Newspaper published in Nogales, Arizona

Nogales International is a newspaper, based in Nogales, Arizona, United States, founded in 1925. It is published on Tuesdays and Fridays and is a division of Wick Communications. Nogales is located on the U.S.–Mexico border. It is 60 miles south of Tucson, Arizona, and 150 miles south of Phoenix, Arizona. The International also publishes The Weekly Bulletin in Sonoita.

Nogales International reports on issues affecting residents of Santa Cruz County, Arizona, including Nogales, Rio Rico, Tumacacori, Tubac, Amado, Patagonia, Sonoita and Elgin. Articles about issues and activities in Nogales, Sonora, Mexico, are also published.

== History ==
On May 25, 1925, Craig Pottinger published the first edition of the weekly Nogales International. He published the paper for 46 years. As his health declined Pottinger sold the paper in 1971. It was purchased by Steve Emerine and Ted Turpin, co-publishers of the Green Valley News. In 1974, James Afinowich bought the International.

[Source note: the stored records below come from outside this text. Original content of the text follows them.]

lemma nonneg_preserved_by_invariant_shifts:
  fixes Q :: "real \<Rightarrow> 'a::comm_monoid_add \<Rightarrow> real" and m :: nat
  assumes "\<And>a b x. x \<in> D \<Longrightarrow> a \<in> \<Delta> \<Longrightarrow> b \<in> \<Delta> \<Longrightarrow> a \<le> b \<Longrightarrow> 0 \<le> Q b x \<Longrightarrow> 0 \<le> Q a x"
    and "\<And>j x. j \<in> {1..m} \<Longrightarrow> x \<in> D \<Longrightarrow> x + v j \<in> D \<and> Q (lam j) (x + v j) = Q (lam j) x"
    and "\<And>j. j \<in> {1..m} \<Longrightarrow> lam j \<in> \<Delta> \<and> \<mu> \<le> lam j \<and> lam j \<le> \<nu>"
    and "\<And>i j. 1 \<le> i \<Longrightarrow> i \<le> j \<Longrightarrow> j \<le> m \<Longrightarrow> lam i \<le> lam j"
    and "\<mu> \<in> \<Delta>" "\<nu> \<in> \<Delta>" "\<mu> \<le> \<nu>" "y \<in> D" "0 \<le> Q \<nu> y"
  shows "0 \<le> Q \<mu> (y + (\<Sum>j=1..m. v j))"
  using assms
proof (induction m arbitrary: \<nu> y)
  case 0
  have "0 \<le> Q \<mu> y"
    using "0.prems"(1)[OF "0.prems"(8,5,6,7,9)] .
  then show ?case by simp
next
  case (Suc m)
  let ?k = "Suc m"
  have k: "?k \<in> {1..Suc m}" by simp
  have lam_k: "lam ?k \<in> \<Delta>" "\<mu> \<le> lam ?k" "lam ?k \<le> \<nu>"
    using Suc.prems(3)[OF k] by simp_all
  have "0 \<le> Q (lam ?k) y"
    using Suc.prems(1)[OF \<open>y \<in> D\<close> lam_k(1) \<open>\<nu> \<in> \<Delta>\<close> lam_k(3) \<open>0 \<le> Q \<nu> y\<close>] .
  then have shifted: "y + v ?k \<in> D" "0 \<le> Q (lam ?k) (y + v ?k)"
    using Suc.prems(2)[OF k \<open>y \<in> D\<close>] by simp_all
  have "0 \<le> Q \<mu> ((y + v ?k) + (\<Sum>j=1..m. v j))"
  proof (rule Suc.IH[OF Suc.prems(1) _ _ _ \<open>\<mu> \<in> \<Delta>\<close> lam_k(1,2) shifted])
    show "x + v j \<in> D \<and> Q (lam j) (x + v j) = Q (lam j) x" if "j \<in> {1..m}" "x \<in> D" for j x
      using that Suc.prems(2)[of j x] by simp
    show "lam j \<in> \<Delta> \<and> \<mu> \<le> lam j \<and> lam j \<le> lam ?k" if "j \<in> {1..m}" for j
      using that Suc.prems(3)[of j] Suc.prems(4)[of j ?k] by simp
    show "lam i \<le> lam j" if "1 \<le> i" "i \<le> j" "j \<le> m" for i j
      using that Suc.prems(4)[of i j] by simp
  qed
  then show ?case
    by (simp add: add_ac)
qed

lemma nonpos_preserved_by_invariant_shifts:
  fixes Q :: "real \<Rightarrow> 'a::comm_monoid_add \<Rightarrow> real" and m :: nat
  assumes up: "\<And>a b x. x \<in> D \<Longrightarrow> a \<in> \<Delta> \<Longrightarrow> b \<in> \<Delta> \<Longrightarrow> a \<le> b \<Longrightarrow> Q a x \<le> 0 \<Longrightarrow> Q b x \<le> 0"
    and shift: "\<And>j x. j \<in> {1..m} \<Longrightarrow> x \<in> D \<Longrightarrow> x + v j \<in> D \<and> Q (lam j) (x + v j) = Q (lam j) x"
    and lam: "\<And>j. j \<in> {1..m} \<Longrightarrow> lam j \<in> \<Delta> \<and> \<mu> \<le> lam j \<and> lam j \<le> \<nu>"
    and sorted: "\<And>i j. 1 \<le> i \<Longrightarrow> i \<le> j \<Longrightarrow> j \<le> m \<Longrightarrow> lam i \<le> lam j"
    and "\<mu> \<in> \<Delta>" "\<nu> \<in> \<Delta>" "\<mu> \<le> \<nu>" "y \<in> D" "Q \<mu> y \<le> 0"
  shows "Q \<nu> (y + (\<Sum>j=1..m. v j)) \<le> 0"
proof -
  let ?rev = "\<lambda>j. m + 1 - j"
  have rev: "?rev j \<in> {1..m}" if "j \<in> {1..m}" for j
    using that by auto
  have "0 \<le> - Q (- (- \<nu>)) (y + (\<Sum>j=1..m. v (?rev j)))"
  proof (rule nonneg_preserved_by_invariant_shifts
      [where Q = "\<lambda>l x. - Q (- l) x" and \<Delta> = "uminus ` \<Delta>" and lam = "\<lambda>j. - lam (?rev j)"])
    show "0 \<le> - Q (- a) x" if "x \<in> D" "a \<in> uminus ` \<Delta>" "b \<in> uminus ` \<Delta>" "a \<le> b" "0 \<le> - Q (- b) x"
      for a b x
      using that up[of x "- b" "- a"] by auto
    show "x + v (?rev j) \<in> D \<and> - Q (- (- lam (?rev j))) (x + v (?rev j)) = - Q (- (- lam (?rev j))) x"
      if "j \<in> {1..m}" "x \<in> D" for j x
      using shift[OF rev[OF that(1)] that(2)] by simp
    show "- lam (?rev j) \<in> uminus ` \<Delta> \<and> - \<nu> \<le> - lam (?rev j) \<and> - lam (?rev j) \<le> - \<mu>"
      if "j \<in> {1..m}" for j
      using lam[OF rev[OF that]] by simp
    show "- lam (?rev i) \<le> - lam (?rev j)" if "1 \<le> i" "i \<le> j" "j \<le> m" for i j
      using that sorted[of "?rev j" "?rev i"] by simp
    show "- \<nu> \<in> uminus ` \<Delta>" "- \<mu> \<in> uminus ` \<Delta>" "- \<nu> \<le> - \<mu>" "y \<in> D" "0 \<le> - Q (- (- \<mu>)) y"
      using assms(5-) by simp_all
  qed
  moreover have "(\<Sum>j=1..m. v (?rev j)) = (\<Sum>j=1..m. v j)"
    using sum.atLeastAtMost_rev[of v 1 m] by simp
  ultimately show ?thesis by simp
qed

theorem lemma2p10:
  fixes sm :: "complex \<Rightarrow> 'h::ab_group_add \<Rightarrow> 'h"
    and ip :: "'h \<Rightarrow> 'h \<Rightarrow> complex"
    and E :: "real \<Rightarrow> real set \<Rightarrow> 'h \<Rightarrow> 'h"
    and \<Delta> :: "real set" and D :: "'h set"
    and m :: nat and lam :: "nat \<Rightarrow> real" and u :: "nat \<Rightarrow> 'h" and c :: "nat \<Rightarrow> complex"
    and \<mu> \<nu> :: real and y :: 'h
  assumes H: "complex_hilbert sm ip"
    and interval: "is_interval \<Delta>"
    and A1: "\<forall>l\<in>\<Delta>. spectral_measure sm ip (E l)"
    and A2: "\<forall>l\<in>\<Delta>. form_dom ip (E l) = D"
    and A3: "\<forall>x\<in>D - {0}. continuous_on \<Delta> (\<lambda>l. form_q ip (E l) x) \<and>
               (\<forall>l0\<in>\<Delta>. form_q ip (E l0) x = 0 \<longrightarrow>
                  (\<forall>l\<in>\<Delta>. l < l0 \<longrightarrow> form_q ip (E l) x > 0) \<and>
                  (\<forall>l\<in>\<Delta>. l > l0 \<longrightarrow> form_q ip (E l) x < 0))"
    and eig: "\<forall>j\<in>{1..m}. lam j \<in> \<Delta> \<and> u j \<noteq> 0 \<and> (u j, 0) \<in> op_graph sm ip (E (lam j))"
    and munu: "\<mu> \<in> \<Delta>" "\<nu> \<in> \<Delta>" "\<mu> \<le> \<nu>"
    and order: "\<forall>j\<in>{1..m}. \<mu> \<le> lam j \<and> lam j \<le> \<nu>"
               "\<forall>i j. 1 \<le> i \<longrightarrow> i \<le> j \<longrightarrow> j \<le> m \<longrightarrow> lam i \<le> lam j"
    and yD: "y \<in> D"
  shows "(form_q ip (E \<nu>) y \<ge> 0 \<longrightarrow>
            form_q ip (E \<mu>) (y + (\<Sum>j=1..m. sm (c j) (u j))) \<ge> 0) \<and>
         (form_q ip (E \<mu>) y \<le> 0 \<longrightarrow>
            form_q ip (E \<nu>) (y + (\<Sum>j=1..m. sm (c j) (u j))) \<le> 0)"
proof -
  have S: "spectral_resolution sm ip (E l)" if "l \<in> \<Delta>" for l
    using H A1 that
    by (simp add: spectral_resolution_def spectral_resolution_axioms_def complex_hilbert_space_def)
  interpret complex_hilbert_space sm ip
    by (rule complex_hilbert_space.intro[OF H])
  have dom: "form_dom ip (E l) = D" if "l \<in> \<Delta>" for l
    using A2 that by blast
  have shift: "x + sm (c j) (u j) \<in> D \<and>
      form_q ip (E (lam j)) (x + sm (c j) (u j)) = form_q ip (E (lam j)) x"
    if "j \<in> {1..m}" "x \<in> D" for j x
  proof -
    have lam: "lam j \<in> \<Delta>" and kernel: "(u j, 0) \<in> op_graph sm ip (E (lam j))"
      using eig that(1) by auto
    interpret spectral_resolution sm ip "E (lam j)"
      by (rule S[OF lam])
    show ?thesis
      using form_q_add_kernel_element[OF kernel] op_graph_in_form_dom[OF kernel] subspace_form_dom
        subspace_add subspace_scale that(2) dom[OF lam] by simp
  qed
  note sign = sign_change_family_propagation[where Q = "\<lambda>l. form_q ip (E l)",
      OF interval spectral_resolution.form_q_zero[OF S] A3]
  have lam: "lam j \<in> \<Delta> \<and> \<mu> \<le> lam j \<and> lam j \<le> \<nu>" if "j \<in> {1..m}" for j
    using eig order(1) that by blast
  have sorted: "lam i \<le> lam j" if "1 \<le> i" "i \<le> j" "j \<le> m" for i j
    using order(2) that by blast
  have "0 \<le> form_q ip (E \<mu>) (y + (\<Sum>j=1..m. sm (c j) (u j)))" if "0 \<le> form_q ip (E \<nu>) y"
    using sign(1) shift lam sorted munu yD that by (rule nonneg_preserved_by_invariant_shifts)
  moreover have "form_q ip (E \<nu>) (y + (\<Sum>j=1..m. sm (c j) (u j))) \<le> 0" if "form_q ip (E \<mu>) y \<le> 0"
    using sign(2) shift lam sorted munu yD that by (rule nonpos_preserved_by_invariant_shifts)
  ultimately show ?thesis by blast
qed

In October 1979, the paper expanded into a daily. In April 1980, Pottinger died. In October 1980, the International became a semi-weekly due to rising production costs. In 1982, a judge placed the business into Chapter 7 bankruptcy and turned it over to a creditor for liquidation of assets. At that time Afinowich decided to end the International, which had a 3,000 circulation. A skeleton crew made up of 18 laid-off employees volunteered to put out the final edition. However, a group of local businessmen formed the Appleton Group, which acquired the paper's name and subscription list and relaunched the International, having only missed one issue. The paper was soon acquired by Wick Communications.